The ATSB has released a preliminary report today into the BHP’s runaway train incident which destroyed two locomotives, 245-ore cars and 2 km of track. The report has highlighted a significant error of a judgement after a maintenance crew locked down the brakes on the wrong train following a call to train control for assistance from the driver.

According to the report, the BHP Redmont maintenance crew were dispatched by the control to assist in applying manual handbrakes following a braking control cable becoming disconnected. In the mix up, the crew stopped at an empty train travelling in the other direction, which had stopped while the problem train issues were investigated by the driver.

The report also highlights the potential breakdown between train systems when, at 3:39 am, communication “between the lead locomotive and the combined end of train monitor was lost.”

The communication systems event activated an automatic emergency brake and the train came to a stop. In accordance with procedure, the train driver made an emergency call to Hedland train control centre.

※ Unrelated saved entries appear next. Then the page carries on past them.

lemma one_minus_half_powr_pos: "0 < r \<Longrightarrow> 0 < 1 - (1 / 2 :: real) powr r"
  using powr_less_mono2[of r "1 / 2" 1] by simp

lemma head_term_bounds:
  fixes r p q :: real and n k :: nat
  assumes "0 < r" "1 \<le> k" "2 * k \<le> n"
  defines "c \<equiv> 1 - (1 / 2) powr r"
  shows "c powr \<bar>p\<bar> * (real n powr (r * p) * real k powr q)
           \<le> (real n powr r - real k powr r) powr p * real k powr q
       \<and> (real n powr r - real k powr r) powr p * real k powr q
           \<le> c powr - \<bar>p\<bar> * (real n powr (r * p) * real k powr q)"
proof -
  have "real k powr r \<le> (real n / 2) powr r"
    using assms by (intro powr_mono2) auto
  then have "c * real n powr r \<le> real n powr r - real k powr r"
    by (simp add: c_def powr_divide algebra_simps)
  then have "c powr \<bar>p\<bar> * real n powr (r * p) \<le> (real n powr r - real k powr r) powr p
      \<and> (real n powr r - real k powr r) powr p \<le> c powr - \<bar>p\<bar> * real n powr (r * p)"
    using powr_bounds_of_ratio[of c "real n powr r" "real n powr r - real k powr r" p]
      one_minus_half_powr_pos[OF assms(1)] assms
    by (simp add: c_def powr_powr)
  then show ?thesis
    by (auto simp: mult.assoc[symmetric] intro: mult_right_mono)
qed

At the time the train controller blocked signals on the adjacent east track to protect the train from other rail movements and alerted the BHP Redmont maintenance crew.

Train control centre advised the driver that handbrakes needed to be manually applied on the ore cars. He applied the locomotive brake in the driver’s cabin, disembarked the train then commenced undertaking manual braking for each ore car from the front of the train .

He had believed that the maintenance crew would be manually applying brakes from the rear of the train however, they had been applying them on the wrong train.

Around 43 mins after the stopped, the train driver heard a pressure release (air bleeding) from the system then the train started moving forward.

The ATSB said that their on-going investigation will include the examination of factors associated with train-line cable connectors together with the design, operation and serviceability of the locomotive and ore car electrically controlled pneumatic and pneumatic braking systems, and the interface between them at time of the occurrence.

It will also examine the effectiveness of critical control management process in identifying and managing operational risk from a runaway occurrence among a range of other factors.

BHP’s Edgar Basto said in a statement said “procedural non-compliance by the driver as well as integration issues with the electronically controlled pneumatic braking system to the rail network” were at fault.

“Prior to exiting the cabin of the lead locomotive the driver did not apply the automatic brake handle to the emergency position as required in the operating procedure and in accordance with training provided,” Mr Basto said.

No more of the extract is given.